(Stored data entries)
Segment Open

(* For an integer $r\ge 5$, say that straights are the rarest hand type other than straight flushes (for deck size $r$) if $freq_r(\mathrm{ST}) < freq_r(h)$ for every $h\in\{\mathrm{HC},\mathrm{1P},\mathrm{2P},\mathrm{3X},\mathrm{FL},\mathrm{FH},\mathrm{4X}\}$. Then: (i) there exists $N$ such that for all $r\ge N$, straights are the rarest hand type other than straight flushes; and (ii) if $r\ge 5$ and straights are the rarest hand type other than straight flushes, then $r\ge 761$.
   Context: Fix an integer $r\ge 5$. The deck has $4r$ cards: each card has one of $4$ suits and one of $r$ ranks $1,\dots,r$, each (suit, rank) pair occurring exactly once; rank $r$ plays the role of the ace. Let $S_r$ be the set of $7$-card subsets of the deck. Hand types of a $5$-card set: HC (high card): every $5$-card set; 1P: two cards of equal rank; 2P: two cards of rank $a$ and two cards of a rank $b\ne a$, or four cards of one rank (four of a kind is considered to contain two pair); 3X: three cards of equal rank; ST (straight): the five ranks form one of the sets $\{k,k+1,k+2,k+3,k+4\}$ with $1\le k\le r-4$, or $\{r,1,2,3,4\}$ (ace low); FL (flush): all five cards of the same suit; FH (full house): three cards of rank $a$ and two cards of a rank $b\ne a$; 4X: four cards of equal rank; SF (straight flush): both a straight and a flush. Types are counted inclusively. For $s\in S_r$ write $h\in s$ if some $5$-card subset of $s$ is of type $h$, and set $freq_r(h)=|\{s\in S_r: h\in s\}|$. *)

theory Defs
  imports Main
begin

text \<open>A card is a pair (suit, rank) with suit in {0..<4} and rank in {1..r};
  rank r plays the role of the ace.\<close>

type_synonym card = "nat \<times> nat"

definition deck :: "nat \<Rightarrow> card set" where
  "deck r = {0..<4} \<times> {1..r}"

definition seven_sets :: "nat \<Rightarrow> card set set" where
  "seven_sets r = {s. s \<subseteq> deck r \<and> card s = 7}"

Segment Closed

Problem to work on: Find the word "every" in the records, and report each line that has it.

Output of the exercise:
(* For an integer $r\ge 5$, say that straights are the rarest hand type other than straight flushes (for deck size $r$) if $freq_r(\mathrm{ST}) < freq_r(h)$ for every $h\in\{\mathrm{HC},\mathrm{1P},\mathrm{2P},\mathrm{3X},\mathrm{FL},\mathrm{FH},\mathrm{4X}\}$. Then: (i) there exists $N$ such that for all $r\ge N$, straights are the rarest hand type other than straight flushes; and (ii) if $r\ge 5$ and straights are the rarest hand type other than straight flushes, then $r\ge 761$.
   Context: Fix an integer $r\ge 5$. The deck has $4r$ cards: each card has one of $4$ suits and one of $r$ ranks $1,\dots,r$, each (suit, rank) pair occurring exactly once; rank $r$ plays the role of the ace. Let $S_r$ be the set of $7$-card subsets of the deck. Hand types of a $5$-card set: HC (high card): every $5$-card set; 1P: two cards of equal rank; 2P: two cards of rank $a$ and two cards of a rank $b\ne a$, or four cards of one rank (four of a kind is considered to contain two pair); 3X: three cards of equal rank; ST (straight): the five ranks form one of the sets $\{k,k+1,k+2,k+3,k+4\}$ with $1\le k\le r-4$, or $\{r,1,2,3,4\}$ (ace low); FL (flush): all five cards of the same suit; FH (full house): three cards of rank $a$ and two cards of a rank $b\ne a$; 4X: four cards of equal rank; SF (straight flush): both a straight and a flush. Types are counted inclusively. For $s\in S_r$ write $h\in s$ if some $5$-card subset of $s$ is of type $h$, and set $freq_r(h)=|\{s\in S_r: h\in s\}|$. *)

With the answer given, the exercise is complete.